[Dataset entries]
+ + + +

lemma det_replace_last_col:
  assumes A: "A \<in> carrier_mat n n" and v: "v \<in> carrier_vec n" and n: "n \<ge> 1"
  shows "det (replace_last_col A v) = v $ (n - 1) * det A"
proof -
  define E :: "'a mat" where "E = mat n n (\<lambda>(i, j). if j = n - 1 then v $ i else if i = j then 1 else 0)"
  have E: "E \<in> carrier_mat n n" by (simp add: E_def)
  have "replace_last_col A v = A * E"
  proof (rule eq_matI)
    fix i j assume "i < dim_row (A * E)" "j < dim_col (A * E)"
    with A E have ij: "i < n" "j < n" by auto
    then show "replace_last_col A v $$ (i, j) = (A * E) $$ (i, j)"
      using A unfolding index_mult_mat_sum[OF A E ij]
      by (auto simp: replace_last_col_def E_def index_mult_mat_vec_sum[OF A v ij(1)]
          if_distrib[of "\<lambda>x. _ * x"] cong: if_cong simp del: index_mult_mat_vec)
  qed (use A E in \<open>auto simp: replace_last_col_def\<close>)
  moreover have "det E = v $ (n - 1)"
  proof -
    have "det E = (\<Prod>i<n. E $$ (i, i))"
      using E by (subst det_upper_triangular[of _ n])
        (auto simp: E_def prod_list_diag_prod atLeast0LessThan)
    also have "\<dots> = v $ (n - 1)"
      using n by (subst prod.remove[of _ "n - 1"]) (auto simp: E_def intro!: prod.neutral)
    finally show ?thesis .
  qed
  ultimately show ?thesis using det_mult[OF A E] by (simp add: mult.commute)
qed

lemma det_factor_common_col_sum:
  fixes N :: "'a::comm_ring_1 mat"
  assumes N: "N \<in> carrier_mat n n" and n: "n \<ge> 1" and V: "V \<in> carrier_vec n"
    and col_sum: "\<And>j. j < n \<Longrightarrow> (\<Sum>k<n. N $$ (k, j)) = t"
    and image: "\<And>i. i < n \<Longrightarrow> (N *\<^sub>v V) $ i = V $ i * t"
  shows "V $ (n - 1) * det N = t * det (mat n n (\<lambda>(i, j).
           if i = n - 1 then (if j = n - 1 then \<Sum>k<n. V $ k else 1)
           else if j = n - 1 then V $ i * t else N $$ (i, j)))"
    (is "_ = t * det ?M")
proof -
  define C where "C = sum_rows_into_last (replace_last_col N V)"
  have NV: "replace_last_col N V \<in> carrier_mat n n"
    using N by (simp add: replace_last_col_def)
  have "det C = V $ (n - 1) * det N"
    unfolding C_def det_sum_rows_into_last[OF NV] by (rule det_replace_last_col[OF N V n])
  moreover have "C = multrow (n - 1) t ?M"
  proof (rule eq_matI)
    fix i j assume "i < dim_row (multrow (n - 1) t ?M)" "j < dim_col (multrow (n - 1) t ?M)"
    then have i: "i < n" and j: "j < n" by auto
    show "C $$ (i, j) = multrow (n - 1) t ?M $$ (i, j)"
      using N i j by (simp add: C_def sum_rows_into_last_def replace_last_col_def image col_sum
          sum_distrib_left mult.commute del: index_mult_mat_vec)
  qed (use N in \<open>auto simp: C_def\<close>)
  moreover have "det (multrow (n - 1) t ?M) = t * det ?M"
    using n by (intro det_multrow) auto
  ultimately show ?thesis by simp
qed

lemma sum_pCons_zero: "(\<Sum>l\<in>A. [:0, f l:]) = [:0, \<Sum>l\<in>A. f l:]"
  by (induction A rule: infinite_finite_induct) auto

lemma one_minus_X_mat_col_sum:
  fixes B :: "'a::comm_ring_1 mat"
  assumes B: "B \<in> carrier_mat n n" and j: "j < n"
    and fixes_ones: "transpose_mat B *\<^sub>v vec n (\<lambda>_. 1) = vec n (\<lambda>_. 1)"
  shows "(\<Sum>k<n. (1\<^sub>m n - map_mat (\<lambda>x. [:0, x:]) B) $$ (k, j)) = [:1, -1:]"
proof -
  have col_B: "(\<Sum>k<n. B $$ (k, j)) = 1"
    using arg_cong[OF fixes_ones, of "\<lambda>u. u $ j"] B j
    by (simp add: index_mult_mat_vec_sum[of _ n n] atLeast0LessThan scalar_prod_def)
  have "(\<Sum>k<n. (1\<^sub>m n - map_mat (\<lambda>x. [:0, x:]) B) $$ (k, j))
      = (\<Sum>k<n. (if k = j then 1 else 0) - [:0, B $$ (k, j):])"
    using B j by (intro sum.cong) auto
  also have "\<dots> = 1 - [:0, \<Sum>k<n. B $$ (k, j):]"
    using j by (simp add: sum_subtractf sum_pCons_zero)
  finally show ?thesis
    by (simp add: col_B one_pCons)
qed

lemma one_minus_X_mat_mult_fixed_vec:
  fixes B :: "'a::comm_ring_1 mat"
  assumes B: "B \<in> carrier_mat n n" and v: "v \<in> carrier_vec n" and i: "i < n"
    and fixes_v: "B *\<^sub>v v = v"
  shows "((1\<^sub>m n - map_mat (\<lambda>x. [:0, x:]) B) *\<^sub>v map_vec (\<lambda>x. [:x:]) v) $ i = [:v $ i:] * [:1, -1:]"
proof -
  have N: "1\<^sub>m n - map_mat (\<lambda>x. [:0, x:]) B \<in> carrier_mat n n" and V: "map_vec (\<lambda>x. [:x:]) v \<in> carrier_vec n"
    using B v by auto
  have row_B: "(\<Sum>k<n. B $$ (i, k) * v $ k) = v $ i"
    using fixes_v index_mult_mat_vec_sum[OF B v i] by simp
  have "((1\<^sub>m n - map_mat (\<lambda>x. [:0, x:]) B) *\<^sub>v map_vec (\<lambda>x. [:x:]) v) $ i
      = (\<Sum>k<n. (if i = k then [:v $ k:] else 0) - [:0, B $$ (i, k) * v $ k:])"
    unfolding index_mult_mat_vec_sum[OF N V i] using B v i
    by (auto simp: one_pCons intro!: sum.cong)
  also have "\<dots> = [:v $ i:] - [:0, \<Sum>k<n. B $$ (i, k) * v $ k:]"
    using i by (simp add: sum_subtractf sum_pCons_zero)
  finally show ?thesis
    by (simp add: row_B)
qed

lemma det_last_col_single:
  assumes A: "A \<in> carrier_mat n n" and n: "n \<ge> 1"
    and zero: "\<And>i. i < n - 1 \<Longrightarrow> A $$ (i, n - 1) = 0"
  shows "det A = A $$ (n - 1, n - 1) * det (mat_delete A (n - 1) (n - 1))"
proof -
  have "det A = (\<Sum>i<n. A $$ (i, n - 1) * cofactor A i (n - 1))"
    using n by (intro laplace_expansion_column[OF A]) auto
  also have "\<dots> = A $$ (n - 1, n - 1) * cofactor A (n - 1) (n - 1)"
    using n zero by (intro sum_lessThan_single) auto
  finally show ?thesis by (simp add: cofactor_def)
qed

lemma linear_factor_of_const_mult:
  fixes p q :: "'a::field poly"
  assumes "c \<noteq> 0" and "[:c:] * p = [:1, -1:] * q"
  shows "p = [:-1, 1:] * smult (- inverse c) q"
proof -
  have "p = smult (inverse c) ([:1, -1:] * q)"
    unfolding assms(2)[symmetric] using assms(1) by simp
  moreover have "[:-1, 1:] = - [:1, -1::'a:]" by simp
  ultimately show ?thesis
    by (simp only: mult_smult_right mult_minus_left mult_minus_right smult_minus_left
        smult_minus_right minus_minus)
qed

interpretation eval_one_hom: comm_ring_hom "\<lambda>p::'a::comm_ring_1 poly. poly p 1"
  by unfold_locales auto

lemma det_one_minus_X_mat_root_one:
  fixes B :: "'a::field mat"
  assumes B: "B \<in> carrier_mat n n" and n: "n \<ge> 1" and v: "v \<in> carrier_vec n" "v $ (n - 1) \<noteq> 0"
    and fixes_v: "B *\<^sub>v v = v"
    and fixes_ones: "transpose_mat B *\<^sub>v vec n (\<lambda>_. 1) = vec n (\<lambda>_. 1)"
  obtains h where "det (1\<^sub>m n - map_mat (\<lambda>x. [:0, x:]) B) = [:-1, 1:] * h"
    and "poly h 1 = - (\<Sum>k<n. v $ k) / v $ (n - 1) * det (mat_delete (1\<^sub>m n - B) (n - 1) (n - 1))"
proof -
  define N where "N = 1\<^sub>m n - map_mat (\<lambda>x. [:0, x:]) B"
  define V where "V = map_vec (\<lambda>x. [:x:]) v"
  define M where "M = mat n n (\<lambda>(i, j).
    if i = n - 1 then (if j = n - 1 then \<Sum>k<n. V $ k else 1)
    else if j = n - 1 then V $ i * [:1, -1:] else N $$ (i, j))"
  have V_idx: "V $ i = [:v $ i:]" if "i < n" for i
    using v(1) that by (simp add: V_def)
  have "V $ (n - 1) * det N = [:1, -1:] * det M"
    unfolding M_def
  proof (rule det_factor_common_col_sum)
    show "(\<Sum>k<n. N $$ (k, j)) = [:1, -1:]" if "j < n" for j
      unfolding N_def by (rule one_minus_X_mat_col_sum[OF B that fixes_ones])
    show "(N *\<^sub>v V) $ i = V $ i * [:1, -1:]" if "i < n" for i
      unfolding V_idx[OF that] unfolding N_def V_def
      by (rule one_minus_X_mat_mult_fixed_vec[OF B v(1) that fixes_v])
  qed (use B v(1) n in \<open>auto simp: N_def V_def\<close>)
  then have factor: "[:v $ (n - 1):] * det N = [:1, -1:] * det M"
    using v(1) n by (simp add: V_def)
  define h where "h = smult (- inverse (v $ (n - 1))) (det M)"
  have "det N = [:-1, 1:] * h"
    unfolding h_def using linear_factor_of_const_mult[OF v(2) factor] .
  moreover have "poly (det M) 1 = (\<Sum>k<n. v $ k) * det (mat_delete (1\<^sub>m n - B) (n - 1) (n - 1))"
  proof -
    have "poly (det M) 1 = det (map_mat (\<lambda>p. poly p 1) M)" by simp
    also have "\<dots> = (\<Sum>k<n. v $ k) * det (mat_delete (map_mat (\<lambda>p. poly p 1) M) (n - 1) (n - 1))"
      using n v(1) by (subst det_last_col_single[of _ n]) (auto simp: M_def V_def poly_sum)
    also have "mat_delete (map_mat (\<lambda>p. poly p 1) M) (n - 1) (n - 1) = mat_delete (1\<^sub>m n - B) (n - 1) (n - 1)"
      using B by (intro eq_matI) (auto simp: M_def N_def mat_delete_def)
    finally show ?thesis .
  qed
  then have "poly h 1 = - (\<Sum>k<n. v $ k) / v $ (n - 1) * det (mat_delete (1\<^sub>m n - B) (n - 1) (n - 1))"
    by (simp add: h_def field_simps)
  ultimately show ?thesis using that by (simp add: N_def)
qed

definition perm_mat :: "nat \<Rightarrow> (nat \<Rightarrow> nat) \<Rightarrow> 'a::{zero, one} mat" where
  "perm_mat n p = mat n n (\<lambda>(r, c). if r = p c then 1 else 0)"

lemma perm_mat_mult:
  assumes "\<And>c. c < n \<Longrightarrow> p c < n"
  shows "perm_mat n f * perm_mat n p = (perm_mat n (f \<circ> p) :: 'a::semiring_1 mat)"
proof (rule eq_matI)
  fix r c assume "r < dim_row (perm_mat n (f \<circ> p) :: 'a mat)" "c < dim_col (perm_mat n (f \<circ> p) :: 'a mat)"
  then have r: "r < n" and c: "c < n" by (auto simp: perm_mat_def)
  have "(perm_mat n f * perm_mat n p) $$ (r, c) = (\<Sum>l<n. perm_mat n f $$ (r, l) * perm_mat n p $$ (l, c) :: 'a)"
    by (rule index_mult_mat_sum[OF _ _ r c]) (auto simp: perm_mat_def)
  also have "\<dots> = perm_mat n f $$ (r, p c)"
    using assms r c by (subst sum_lessThan_single[of "p c"]) (auto simp: perm_mat_def)
  also have "\<dots> = perm_mat n (f \<circ> p) $$ (r, c)"
    using assms r c by (simp add: perm_mat_def)
  finally show "(perm_mat n f * perm_mat n p) $$ (r, c) = (perm_mat n (f \<circ> p) :: 'a mat) $$ (r, c)" .
qed (auto simp: perm_mat_def)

+ + + +

What you will do :: With the first line of the records as the start and the line holding "using E by (subst" as the end, please copy exactly those lines and no others.

Written answer ::
lemma det_replace_last_col:
  assumes A: "A \<in> carrier_mat n n" and v: "v \<in> carrier_vec n" and n: "n \<ge> 1"
  shows "det (replace_last_col A v) = v $ (n - 1) * det A"
proof -
  define E :: "'a mat" where "E = mat n n (\<lambda>(i, j). if j = n - 1 then v $ i else if i = j then 1 else 0)"
  have E: "E \<in> carrier_mat n n" by (simp add: E_def)
  have "replace_last_col A v = A * E"
  proof (rule eq_matI)
    fix i j assume "i < dim_row (A * E)" "j < dim_col (A * E)"
    with A E have ij: "i < n" "j < n" by auto
    then show "replace_last_col A v $$ (i, j) = (A * E) $$ (i, j)"
      using A unfolding index_mult_mat_sum[OF A E ij]
      by (auto simp: replace_last_col_def E_def index_mult_mat_vec_sum[OF A v ij(1)]
          if_distrib[of "\<lambda>x. _ * x"] cong: if_cong simp del: index_mult_mat_vec)
  qed (use A E in \<open>auto simp: replace_last_col_def\<close>)
  moreover have "det E = v $ (n - 1)"
  proof -
    have "det E = (\<Prod>i<n. E $$ (i, i))"
      using E by (subst det_upper_triangular[of _ n])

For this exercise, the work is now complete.